The film and the book that accompanies it are full of rare photos of Snyder in his serious Zen student days in the 50's, the heady early days of the counterculture in San Francisco and much else. It made me want to go back and re-read some of his poems and essays, which were hugely influential for me in the early 70's. So much that has happened since, from the Buddhist peace movement to deep ecology and the vital importance of supporting local economies, would be unthinkable without Snyder's work.
While I was reading all of this I was also struggling to come up with a concise response to a well-meaning but naive article extolling the virtues of vegetarianism in the most recent issue of Inquiring Mind magazine. The issues involved are vast and complicated. As luck would have it, I found that Snyder had long ago summed things up better than I could have hoped to, in the last essay in his book:
"Everyone who ever lived took the lives of other animals, pulled plants, plucked fruit, and ate. Primary people have their own ways of trying to understand the precept of non harming. They knew that taking life required gratitude and care. There is no death that is not somebody's food, no life that is not somebody's death. Some would take this as a sign that the universe is fundamentally flawed. This leads to a disgust with self, with humanity, and with nature. Otherworldly philosophies end up doing more damage to the planet (and human psyches) than the pain and suffering that is in the existential conditions they seek to transcend.

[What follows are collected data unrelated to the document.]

lemma bdry_cone:
  fixes \<gamma> :: "'a::linorder set \<Rightarrow> 'k::comm_ring_1"
  assumes fin: "finite V" and vV: "v \<in> V" and gf: "finite_supp \<gamma>"
    and gv: "\<And>\<sigma>. v \<in> \<sigma> \<Longrightarrow> \<gamma> \<sigma> = 0"
  shows "bdry V (cone v \<gamma>) \<rho> = \<gamma> \<rho> - cone v (bdry V \<gamma>) \<rho>"
proof (cases "v \<in> \<rho>")
  case True
  then obtain \<rho>0 where r: "\<rho> = insert v \<rho>0" "v \<notin> \<rho>0" by (metis Set.set_insert)
  show ?thesis using bdry_cone_inside[OF fin vV gf gv r(2)] gv[OF True] r by (simp add: cone_insert)
qed (simp add: bdry_cone_outside[OF fin vV] cone_def)

text \<open>Contraction at \<open>v\<close> anticommutes with the boundary.
  Write \<open>c\<close> as the cone over its contraction plus a part avoiding \<open>v\<close>.\<close>

lemma bdry_contract:
  fixes c :: "'a::linorder set \<Rightarrow> 'k::comm_ring_1"
  assumes fin: "finite V" and vV: "v \<in> V" and cf: "finite_supp c"
  shows "bdry V (contract v c) \<sigma> = - contract v (bdry V c) \<sigma>"
proof (cases "v \<in> \<sigma>")
  case True
  thus ?thesis using bdry_vanish[of v "contract v c"] by (simp add: contract_vanish)
next
  case False
  define \<gamma> where "\<gamma> = contract v c"
  define c' where "c' = (\<lambda>\<rho>. if v \<in> \<rho> then 0 else c \<rho>)"
  have "c = (\<lambda>\<rho>. cone v \<gamma> \<rho> + c' \<rho>)"
    unfolding \<gamma>_def c'_def cone_contract by auto
  hence "bdry V c (insert v \<sigma>) = bdry V (\<lambda>\<rho>. cone v \<gamma> \<rho> + c' \<rho>) (insert v \<sigma>)"
    by (rule arg_cong)
  also have "\<dots> = bdry V (cone v \<gamma>) (insert v \<sigma>) + bdry V c' (insert v \<sigma>)"
    by (rule bdry_add)
  also have "bdry V c' (insert v \<sigma>) = 0" by (rule bdry_vanish) (auto simp: c'_def)
  also have "bdry V (cone v \<gamma>) (insert v \<sigma>) = - (ins_sign v \<sigma> * bdry V \<gamma> \<sigma>)"
    unfolding \<gamma>_def
    by (rule bdry_cone_inside[OF fin vV finite_supp_contract[OF cf] contract_vanish False])
  finally have "contract v (bdry V c) \<sigma> = ins_sign v \<sigma> * - (ins_sign v \<sigma> * bdry V \<gamma> \<sigma>)"
    using False by (simp add: contract_def)
  thus ?thesis unfolding \<gamma>_def by (simp add: mult.assoc[symmetric] ins_sign_square)
qed

lemma bdry_cone_cycle:
  fixes \<gamma> :: "'a::linorder set \<Rightarrow> 'k::comm_ring_1"
  assumes "finite V" "v \<in> V" "finite_supp \<gamma>" "\<And>\<rho>. v \<in> \<rho> \<Longrightarrow> \<gamma> \<rho> = 0"
    and cyc: "\<And>\<rho>. bdry V \<gamma> \<rho> = 0"
  shows "bdry V (cone v \<gamma>) \<sigma> = \<gamma> \<sigma>"
  using bdry_cone[OF assms(1-4)] cyc by (simp add: cone_def)

lemma contract_cycle:
  fixes b :: "'a::linorder set \<Rightarrow> 'k::comm_ring_1"
  assumes "finite V" "v \<in> V" "finite_supp b"
    and bc: "\<And>\<rho>. bdry V b \<rho> = c \<rho>" and cv: "\<And>\<rho>. v \<in> \<rho> \<Longrightarrow> c \<rho> = 0"
  shows "bdry V (contract v b) \<sigma> = 0"
  using bdry_contract[OF assms(1-3)] bc cv by (simp add: contract_def)

lemma star_decomposition:
  fixes b :: "'a::linorder set \<Rightarrow> 'k::comm_ring_1"
  assumes fW: "finite W"
    and one: "\<And>v w. b \<rho> \<noteq> 0 \<Longrightarrow> v \<in> \<rho> \<inter> W \<Longrightarrow> w \<in> \<rho> \<inter> W \<Longrightarrow> v = w"
  shows "b \<rho> = (if \<rho> \<inter> W = {} then b \<rho> else 0) + (\<Sum>v\<in>W. cone v (contract v b) \<rho>)"
proof -
  have s: "(\<Sum>v\<in>W. cone v (contract v b) \<rho>) = (\<Sum>v\<in>W. if v \<in> \<rho> then b \<rho> else 0)"
    by (simp add: cone_contract)
  show ?thesis
  proof (cases "b \<rho> = 0 \<or> \<rho> \<inter> W = {}")
    case True thus ?thesis unfolding s by (auto intro!: sum.neutral)
  next
    case False
    then obtain x where x: "x \<in> \<rho> \<inter> W" and b: "b \<rho> \<noteq> 0" by auto
    have "(\<Sum>v\<in>W. if v \<in> \<rho> then b \<rho> else 0)
        = (if x \<in> \<rho> then b \<rho> else 0) + (\<Sum>v\<in>W - {x}. if v \<in> \<rho> then b \<rho> else 0)"
      using x fW by (subst sum.remove[of _ x]) auto
    also have "(\<Sum>v\<in>W - {x}. if v \<in> \<rho> then b \<rho> else 0) = 0"
      using one[OF b _ x] by (intro sum.neutral) auto
    finally show ?thesis using s x False by auto
  qed
qed

lemma bdry_star_decomposition:
  fixes b :: "'a::linorder set \<Rightarrow> 'k::comm_ring_1"
  assumes fV: "finite V" and WV: "W \<subseteq> V" and fb: "finite_supp b"
    and one: "\<And>\<rho> v w. b \<rho> \<noteq> 0 \<Longrightarrow> v \<in> \<rho> \<inter> W \<Longrightarrow> w \<in> \<rho> \<inter> W \<Longrightarrow> v = w"
    and cyc: "\<And>v \<rho>. v \<in> W \<Longrightarrow> bdry V (contract v b) \<rho> = 0"
  shows "bdry V b \<sigma> = bdry V (\<lambda>\<rho>. if \<rho> \<inter> W = {} then b \<rho> else 0) \<sigma>
                       + (\<Sum>v\<in>W. contract v b \<sigma>)"
proof -
  have fW: "finite W" using fV WV finite_subset by blast
  have "b = (\<lambda>\<rho>. (if \<rho> \<inter> W = {} then b \<rho> else 0) + (\<Sum>v\<in>W. cone v (contract v b) \<rho>))"
    by (rule ext, rule star_decomposition[OF fW one])
  hence "bdry V b \<sigma>
      = bdry V (\<lambda>\<rho>. (if \<rho> \<inter> W = {} then b \<rho> else 0) + (\<Sum>v\<in>W. cone v (contract v b) \<rho>)) \<sigma>"
    by (rule arg_cong)
  also have "\<dots> = bdry V (\<lambda>\<rho>. if \<rho> \<inter> W = {} then b \<rho> else 0) \<sigma>
                       + (\<Sum>v\<in>W. bdry V (cone v (contract v b)) \<sigma>)"
    by (simp only: bdry_add bdry_sum)
  also have "(\<Sum>v\<in>W. bdry V (cone v (contract v b)) \<sigma>) = (\<Sum>v\<in>W. contract v b \<sigma>)"
    using WV by (intro sum.cong refl bdry_cone_cycle[OF fV] finite_supp_contract[OF fb]
        contract_vanish cyc) auto
  finally show ?thesis .
qed

lemma sc_closed: "simplicial_complex \<Lambda> \<Longrightarrow> \<sigma> \<in> \<Lambda> \<Longrightarrow> \<tau> \<subseteq> \<sigma> \<Longrightarrow> \<tau> \<in> \<Lambda>"
  unfolding simplicial_complex_def by blast

lemma sc_empty: "simplicial_complex \<Lambda> \<Longrightarrow> {} \<in> \<Lambda>"
  unfolding simplicial_complex_def by blast

lemma sc_finite_face: "simplicial_complex \<Lambda> \<Longrightarrow> \<sigma> \<in> \<Lambda> \<Longrightarrow> finite \<sigma>"
  unfolding simplicial_complex_def by blast

lemma sc_finite_vertices: "simplicial_complex \<Lambda> \<Longrightarrow> finite (\<Union>\<Lambda>)"
  unfolding simplicial_complex_def by blast

lemma sc_vertex_face: "simplicial_complex \<Lambda> \<Longrightarrow> v \<in> \<Union>\<Lambda> \<Longrightarrow> {v} \<in> \<Lambda>"
  by (meson UnionE empty_subsetI insert_subset sc_closed)

lemma sc_subcomplex:
  assumes "simplicial_complex \<Lambda>" "\<Gamma> \<subseteq> \<Lambda>" "{} \<in> \<Gamma>"
    "\<And>\<sigma> \<tau>. \<sigma> \<in> \<Gamma> \<Longrightarrow> \<tau> \<subseteq> \<sigma> \<Longrightarrow> \<tau> \<in> \<Gamma>"
  shows "simplicial_complex \<Gamma>"
  using assms unfolding simplicial_complex_def by (meson empty_iff finite_subset subsetD)

lemma sc_link:
  assumes sc: "simplicial_complex \<Lambda>" and F: "F \<in> \<Lambda>"
  shows "simplicial_complex (link \<Lambda> F)"
proof (rule sc_subcomplex[OF sc])
  show "{} \<in> link \<Lambda> F" using sc_empty[OF sc] F unfolding link_def by auto
  show "\<tau> \<in> link \<Lambda> F" if "\<sigma> \<in> link \<Lambda> F" "\<tau> \<subseteq> \<sigma>" for \<sigma> \<tau>
    using that sc_closed[OF sc, of "\<sigma> \<union> F" "\<tau> \<union> F"] sc_closed[OF sc, of \<sigma> \<tau>]
    unfolding link_def by auto
qed (auto simp: link_def)

lemma sc_rank_selected:
  assumes sc: "simplicial_complex \<Lambda>"
  shows "simplicial_complex (rank_selected \<Lambda> \<kappa> S)"
proof (rule sc_subcomplex[OF sc])
  show "{} \<in> rank_selected \<Lambda> \<kappa> S" using sc_empty[OF sc] by (simp add: rank_selected_def)
  show "\<tau> \<in> rank_selected \<Lambda> \<kappa> S" if "\<sigma> \<in> rank_selected \<Lambda> \<kappa> S" "\<tau> \<subseteq> \<sigma>" for \<sigma> \<tau>
    using that sc_closed[OF sc, of \<sigma> \<tau>] unfolding rank_selected_def by blast
qed (auto simp: rank_selected_def)

lemma sc_delete:
  assumes sc: "simplicial_complex \<Lambda>"
  shows "simplicial_complex (delete \<Lambda> A)"
proof (rule sc_subcomplex[OF sc])
  show "{} \<in> delete \<Lambda> A" using sc_empty[OF sc] by (simp add: delete_def)
  show "\<tau> \<in> delete \<Lambda> A" if "\<sigma> \<in> delete \<Lambda> A" "\<tau> \<subseteq> \<sigma>" for \<sigma> \<tau>
    using that sc_closed[OF sc, of \<sigma> \<tau>] unfolding delete_def by blast
qed (auto simp: delete_def)
lemma exists_parameter_no_double_zero:
  fixes A B A' B' :: "real \<Rightarrow> real"
  assumes A: "\<And>x. x \<in> S \<Longrightarrow> (A has_real_derivative A' x) (at x within S)"
    and B: "\<And>x. x \<in> S \<Longrightarrow> (B has_real_derivative B' x) (at x within S)"
    and B_nz: "\<And>x. x \<in> S \<Longrightarrow> B x \<noteq> 0" and "a < b"
  shows "\<exists>t\<in>{a..b}. \<forall>x\<in>S. A x + t * B x = 0 \<longrightarrow> A' x + t * B' x \<noteq> 0"
proof -
  define F' where "F' x = (A x * B' x - A' x * B x) / (B x)\<^sup>2" for x
  have "((\<lambda>x. - A x / B x) has_real_derivative F' x) (at x within S)" if "x \<in> S" for x
    using B_nz[OF that]
    by (auto intro!: derivative_eq_intros A B that simp: F'_def power2_eq_square field_simps)
  then have "negligible ((\<lambda>x. - A x / B x) ` {x\<in>S. F' x = 0})"
    by (rule negligible_critical_values)
  moreover have "\<not> negligible {a..b}"
    using negligible_interval(1)[of a b] \<open>a < b\<close> by simp
  ultimately obtain t where t: "t \<in> {a..b}" "t \<notin> (\<lambda>x. - A x / B x) ` {x\<in>S. F' x = 0}"
    using negligible_subset by blast
  have "A' x + t * B' x \<noteq> 0" if x: "x \<in> S" "A x + t * B x = 0" for x
  proof -
    have "- A x / B x = t"
      using x B_nz by (simp add: field_simps)
    then have "F' x \<noteq> 0"
      using t x by force
    moreover have "F' x = - (A' x + t * B' x) / B x"
      using x B_nz[of x] by (simp add: F'_def eq_neg_iff_add_eq_0[symmetric] power2_eq_square field_simps)
    ultimately show ?thesis by auto
  qed
  then show ?thesis
    using t by blast
qed

lemma islimpt_between:
  fixes x :: real
  assumes "x islimpt Z" and between: "\<And>p q. p \<in> Z \<Longrightarrow> q \<in> Z \<Longrightarrow> p < q \<Longrightarrow> \<exists>z\<in>W. p < z \<and> z < q"
  shows "x islimpt W"
  unfolding islimpt_approachable
proof (intro allI impI)
  fix e :: real assume "e > 0"
  have "Z \<subseteq> insert x ((Z \<inter> {..<x}) \<union> (Z \<inter> {x<..}))" by auto
  then have "x islimpt insert x ((Z \<inter> {..<x}) \<union> (Z \<inter> {x<..}))"
    by (rule islimpt_subset[OF assms(1)])
  then have "x islimpt (Z \<inter> {..<x}) \<or> x islimpt (Z \<inter> {x<..})" by (simp add: islimpt_insert islimpt_Un)
  then obtain p q where pq: "p \<in> Z" "q \<in> Z" "p < q" "x < p \<or> q < x" "x - e < p" "q < x + e"
  proof
    assume left: "x islimpt (Z \<inter> {..<x})"
    then obtain p where p: "p \<in> Z" "p < x" "x - p < e"
      using \<open>e > 0\<close> by (auto simp: islimpt_approachable dist_real_def)
    moreover obtain q where "q \<in> Z" "q < x" "x - q < x - p"
      using left[unfolded islimpt_approachable, rule_format, of "x - p"] p by (auto simp: dist_real_def)
    ultimately show ?thesis using that[of p q] by auto
  next
    assume right: "x islimpt (Z \<inter> {x<..})"
    then obtain q where q: "q \<in> Z" "x < q" "q - x < e"
      using \<open>e > 0\<close> by (auto simp: islimpt_approachable dist_real_def)
    moreover obtain p where "p \<in> Z" "x < p" "p - x < q - x"
      using right[unfolded islimpt_approachable, rule_format, of "q - x"] q by (auto simp: dist_real_def)
    ultimately show ?thesis using that[of p q] by auto
  qed
  then obtain z where "z \<in> W" "p < z" "z < q"
    using between by blast
  then show "\<exists>z\<in>W. z \<noteq> x \<and> dist z x < e"
    using pq by (intro bexI[of _ z]) (auto simp: dist_real_def)
qed

lemma deriv_seq_Rolle:
  assumes G: "deriv_seq_on {0..1} G" and "0 \<le> p" "p < q" "q \<le> 1" "G j p = 0" "G j q = 0"
  shows "\<exists>z. p < z \<and> z < q \<and> G (Suc j) z = 0"
proof -
  obtain z where z: "p < z" "z < q" "(*) (G (Suc j) z) = (\<lambda>v. 0)"
  proof (rule exE[OF Rolle_deriv[of p q "G j"]], safe)
    show "continuous_on {p..q} (G j)"
      by (rule continuous_on_subset[OF deriv_seq_on_continuous_on[OF G]]) (use assms in auto)
    show "(G j has_derivative (*) (G (Suc j) x)) (at x)" if "p < x" "x < q" for x
      using deriv_seq_on_interior[OF G, of x j] that assms by (simp add: has_field_derivative_def)
  qed (use assms in auto)
  moreover have "G (Suc j) z = 0"
    using fun_cong[OF z(3), of 1] by simp
  ultimately show ?thesis by blast
qed

lemma islimpt_zeros_Suc:
  assumes G: "deriv_seq_on {0..1} G" and "x islimpt {y\<in>{0..1}. G j y = 0}"
  shows "x islimpt {y\<in>{0..1}. G (Suc j) y = 0}"
  using assms(2)
proof (rule islimpt_between)
  fix p q assume "p \<in> {y\<in>{0..1}. G j y = 0}" "q \<in> {y\<in>{0..1}. G j y = 0}" "p < q"
  then show "\<exists>z\<in>{y\<in>{0..1}. G (Suc j) y = 0}. p < z \<and> z < q"
    using deriv_seq_Rolle[OF G, of p q j] by fastforce
qed

lemma inf_flat_at_islimpt_zeros:
  assumes G: "deriv_seq_on {0..1} G" and "x islimpt {y\<in>{0..1}. G 0 y = 0}"
  shows "inf_flat_at G x"
  unfolding inf_flat_at_def
proof
  fix j
  have "x islimpt {y\<in>{0..1}. G j y = 0}"
    by (induction j) (use assms islimpt_zeros_Suc in auto)
  moreover have "closed {y\<in>{0..1}. G j y = 0}"
    by (rule continuous_closed_preimage_constant[OF deriv_seq_on_continuous_on[OF G]]) auto
  ultimately show "G j x = 0"
    using closed_limpt by blast
qed

lemma eventually_nonzero_at_right_0:
  assumes G: "deriv_seq_on {0..1} G" and "\<not> inf_flat_at G 0"
  shows "eventually (\<lambda>x. G 0 x \<noteq> 0) (at_right 0)"
proof -
  have "\<not> (0::real) islimpt {y\<in>{0..1}. G 0 y = 0}"
    using inf_flat_at_islimpt_zeros[OF G] assms(2) by blast
  then have "eventually (\<lambda>y. y \<notin> {y\<in>{0..1}. G 0 y = 0}) (at_right 0)"
    by (simp add: islimpt_iff_eventually eventually_at_split)
  moreover have "eventually (\<lambda>y. y \<in> {0..1::real}) (at_right 0)"
    by (rule eventually_at_rightI[of 0 1]) auto
  ultimately show ?thesis
    by eventually_elim auto
qed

The archaic religion is to kill god and eat him. Or her. The shimmering food-chain, the food-web, is the scary, beautiful condition of the biosphere. Subsistence people live without excuses. The blood is on your own hands as you divide the liver from the gallbladder. You have watched the color fade from the glimmer of the trout. A subsistence economy is a sacramental economy because it has faced up to one of the critical problems of life and death: the taking of life for food. Contemporary people do not need to hunt, many cannot even afford meat, and in the developed world the variety of foods available to us makes the avoidance of meat an easy choice...Our distance from the source of our food enables us to be superficially more comfortable, and distinctly more ignorant.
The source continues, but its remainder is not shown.